Section: New Results

Computational history through information extraction from archive texts

Participants : Éric Villemonte de La Clergerie, Marie Puren, Charles Riondet, Alix Chagué, Marie-Laurence Bonhomme.

From two different DH projects emerged some interesting research questions related to the extraction of information from archival documents, in particular the management of the diversity of document types and structures and on the contrary the acquisition of detailed information from a regular visual structure.

In the context of the ANR TIME-US, whose goal is to reconstruct the "time-budgets" of textile workers in France (18th - early 20th centuries), we worked on the creation of a digitization workflow to acquire structured textual data from a wide range of printed and handwritten materials: professional court records (like Prud'Hommes), Police reports on strikes or early sociological studies such as the Monographies de Le Play This workflow has been presented at the ADHO DH conference in Mexico (see the presentation here: [34].The set up of this workflow is a prerequisite for further experiments and processing to extract information that can be exploited by historians, such as the relation between working tasks, the time spent by workers to perform them and the price they are paid for this time.

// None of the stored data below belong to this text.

lemma expansion_step_box:
  assumes Cl: "subformula_closed Cl" "fms (fill G (Seq (add_mset (Box A) fs) bs)) \<subseteq> Cl"
    and nd: "\<not> cutfree (fill G (Seq (add_mset (Box A) fs) bs))"
  shows "expansion_step Cl G (Seq (add_mset (Box A) fs) bs) (Seq fs (add_mset (Seq {#Dia (neg A), A#} {#}) bs))"
proof -
  let ?X = "Seq (add_mset (Box A) fs) bs" and ?c = "Seq {#Dia (neg A), A#} {#}"
  let ?Y = "Seq fs (add_mset ?c bs)"
  have "Dia (neg A) \<notin> anc G" using nd deriv_box_dia_anc[of A G "{}" fs bs] by blast
  moreover have "Dia (neg A) \<notin># fs"
  proof
    assume "Dia (neg A) \<in># fs"
    then obtain fs' where "fs = add_mset (Dia (neg A)) fs'" by (metis multi_member_split)
    then show False using nd deriv_box_dia_node[of "{}" G A fs' bs] by simp
  qed
  moreover have "Box A \<in> Cl" using Cl(2) by (simp add: fms_fill)
  moreover have "A \<in> Cl" "Dia (neg A) \<in> Cl" using calculation(3) subformula_closedD(5,6)[OF Cl(1)] by blast+
  ultimately have "fresh_box_child Cl G ?X ?c" by (auto simp: fresh_box_child_def)
  then have "expands Cl G ?X ?Y" by (auto simp: expands_def covered_if_mem add_mset_commute)
  moreover have "\<not> cutfree (fill G ?Y)" using nd deriv_box_node[of "{}" G fs A bs] by blast
  ultimately show ?thesis using Cl \<open>A \<in> Cl\<close> \<open>Dia (neg A) \<in> Cl\<close>
    by (auto simp: expansion_step_def fms_fill nonlit_weight_def weight_def)
qed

Another project was intiated in collaboration with the EPHE and the French National Archives, in the framework of the convention signed between Inria and the Ministry of Culture. This project is called LECTAUREP (for LECTure AUtomatique de REPertoires, and is aimed at extracting the information recorded in the registries of Parisian notaries, held by the National Archives. This project it at the intersection of NLP and Computer Vision because one of the main objectives is to extract information from the physical layout of the documents, presented as tables. Another issue is to be able to recognize with accuracy an important diversity of handwritten scripts. The final goal of LECTAUREP is to give access to researchers the information contained in these records, in particular the name of the persons involved in cases recorded by notaries, their addresses and the nature of the case (wills, powers of attorney, wedding contracts, etc.). An initial report has been produced (see [39]), and the project will continue in 2019 with the release of the extracted information (named entities, geolocation, typology, etc) into a structured database.